Announcing Greenhouse’s PHP Package

Tom Phillips
In the weeds
Published in
3 min readApr 4, 2016

A couple weeks ago, I wrote a post about PHP’s Libcurl and its unfortunate interaction with Rails. The long story made short is this: Rails does not like the way that PHP sends multiple values on one parameter in form submissions. In that post, I suggested our users use Guzzle, which is a great library for interacting with APIs. While that suggestion still works, we can also offer a second option today.

Greenhouse is a great place to work and that is rarely more evident than when a problem like this presents itself. After diagnosing this problem, I suggested to our management team that this would be best solved by growing our own Greenhouse PHP package. It would hide implementation details from the user and could be written in such a way that both uses Guzzle and allow engineers to post to our applications endpoint in the most natural way. It didn’t lead to weeks of meetings, bureaucracy, and review to ultimately be killed; instead, this clear solution was encouraged. I was able to pause what I was working on and churn this package out, thus solving a problem for many of our current and future customers.

With that, I wrote Greenhouse Tools for our customers. The Greenhouse Tools package exists to help engineers more quickly set up their Greenhouse job board by providing a package of tools for retrieving items from the Greenhouse Job Board API.

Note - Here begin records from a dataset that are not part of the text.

text \<open>After the substitution \<open>y = x s\<close> and Fubini, the \<open>x\<close>-integral is elementary and the
  \<open>s\<close>-integral is \<open>\<integral>\<^sub>0\<^sup>\<infinity> ds / (1 + s\<^sup>2) = \<pi> / 2\<close>.\<close>

lemma nn_integral_gaussian_quarter_disc:
  fixes r :: real
  assumes r: "0 \<le> r"
  shows "(\<integral>\<^sup>+x. (\<integral>\<^sup>+y. ennreal (exp (- (x\<^sup>2 + y\<^sup>2) / 2)) * indicator {..r\<^sup>2} (x\<^sup>2 + y\<^sup>2) * indicator {0<..} y
      \<partial>lborel) * indicator {0<..} x \<partial>lborel) = ennreal (pi / 2 * (1 - exp (- r\<^sup>2 / 2)))"
proof -
  let ?G = "\<lambda>x s. ennreal (x * exp (- (x\<^sup>2 * (1 + s\<^sup>2)) / 2)) * indicator {..r\<^sup>2} (x\<^sup>2 * (1 + s\<^sup>2))
      * indicator {0<..} s * indicator {0<..} x"
  have slope: "(\<integral>\<^sup>+y. ennreal (exp (- (x\<^sup>2 + y\<^sup>2) / 2)) * indicator {..r\<^sup>2} (x\<^sup>2 + y\<^sup>2) * indicator {0<..} y
      \<partial>lborel) * indicator {0<..} x = (\<integral>\<^sup>+s. ?G x s \<partial>lborel)" for x :: real
  proof (cases "0 < x")
    case True
    then show ?thesis
      using nn_integral_gaussian_slope_substitution[OF True, of r] by simp
  qed simp
  have radial: "(\<integral>\<^sup>+x. ?G x s \<partial>lborel) = ennreal ((1 - exp (- r\<^sup>2 / 2)) / (1 + s\<^sup>2)) * indicator {0<..} s"
    for s :: real
  proof -
    have "(\<integral>\<^sup>+x. ?G x s \<partial>lborel) = (\<integral>\<^sup>+x. ennreal (x * exp (- (x\<^sup>2 * (1 + s\<^sup>2)) / 2)) * indicator {0<..} x
        * indicator {..r\<^sup>2} (x\<^sup>2 * (1 + s\<^sup>2)) \<partial>lborel) * indicator {0<..} s"
      by (subst nn_integral_multc[symmetric]) (measurable, auto intro!: nn_integral_cong simp: ac_simps)
    then show ?thesis
      using nn_integral_gaussian_radial[OF r, of "1 + s\<^sup>2"] by (simp add: add_pos_nonneg)
  qed
  have "(\<integral>\<^sup>+x. (\<integral>\<^sup>+y. ennreal (exp (- (x\<^sup>2 + y\<^sup>2) / 2)) * indicator {..r\<^sup>2} (x\<^sup>2 + y\<^sup>2) * indicator {0<..} y
      \<partial>lborel) * indicator {0<..} x \<partial>lborel) = (\<integral>\<^sup>+x. \<integral>\<^sup>+s. ?G x s \<partial>lborel \<partial>lborel)"
    by (simp only: slope)
  also have "\<dots> = (\<integral>\<^sup>+s. \<integral>\<^sup>+x. ?G x s \<partial>lborel \<partial>lborel)"
    by (rule lborel_pair.Fubini') measurable
  also have "\<dots> = (\<integral>\<^sup>+s. ennreal ((1 - exp (- r\<^sup>2 / 2)) / (1 + s\<^sup>2)) * indicator {0..} s \<partial>lborel)"
    unfolding radial
    by (intro nn_integral_cong_AE, rule eventually_mono[OF AE_lborel_singleton[of 0]])
      (auto split: split_indicator)
  also have "\<dots> = ennreal ((1 - exp (- r\<^sup>2 / 2)) * (pi / 2) - (1 - exp (- r\<^sup>2 / 2)) * arctan 0)"
  proof (rule nn_integral_FTC_atLeast)
    show "((\<lambda>a. (1 - exp (- r\<^sup>2 / 2)) * arctan a) \<longlongrightarrow> (1 - exp (- r\<^sup>2 / 2)) * (pi / 2)) at_top"
      by (intro tendsto_intros) (simp_all add: tendsto_arctan_at_top)
  qed (auto intro!: derivative_eq_intros simp: add_nonneg_eq_0_iff field_simps power2_eq_square)
  finally show ?thesis
    by (simp add: mult.commute)
qed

The part of this package that addresses the multiselect bug is the Application Service. With the Greenhouse Application Service, I addressed the following three issues:

  1. The Greenhouse application endpoint’s requirement that required fields be verified on the client-side. This package checks for the required flag in real-time and raises an error if any required fields are missing values.
  2. Shield users from implementation details. Users should know $jobService->getJobs(); will always return a list of jobs, even if the implementation details have changed behind the scenes. We don’t want our users always needing new libraries, just one that will always work.
  3. Allowing engineers to post applications to Greenhouse in a way as close to the most natural implementation of PHP’s libcurl.

The only difference in posting via the Greenhouse service and posting via Libcurl is in the submission of multiple values to a single parameter. While Libcurl would expect you to post the following:

<?php 
$postVars = array(
'first_name' => 'Tommy',
'last_name' => 'Tester',
'email' => 'tommy.tester@example.com',
'resume' => new \CURLFile(
'/path/to/resume.doc',
'application/msword', 'resume.doc'
),
'var[0]' => 'foo',
'var[1]' => 'bar',
'var[2]' => 'baz'
);
curl_setopt($ch, CURLOPT_POSTFIELDS, $postVars);

The Greenhouse application service lets you do the following:

<?php 
$postVars = array(
'first_name' => 'Tommy',
'last_name' => 'Tester',
'email' => 'tommy.tester@example.com',
'resume' => new \CURLFile(
'/path/to/resume.doc',
'application/msword',
'resume.doc'
),
'var' => array('foo', 'bar', 'baz')
);
$applicationService->postApplication($postVars);

That’s it! The Greenhouse Application Service will translate this to a valid Guzzle request, validate required fields are included, and POST the application while not requiring the engineer have any knowledge of Guzzle. If any errors are encountered in the process, we will throw a GreenhouseException which can be caught and handled on the customer end.

I was happy to be able to put this package together for our customers and to give Greenhouse a presence on Packagist. I hope engineers find this package useful and it helps them to implement Greenhouse quickly and effectively on their websites.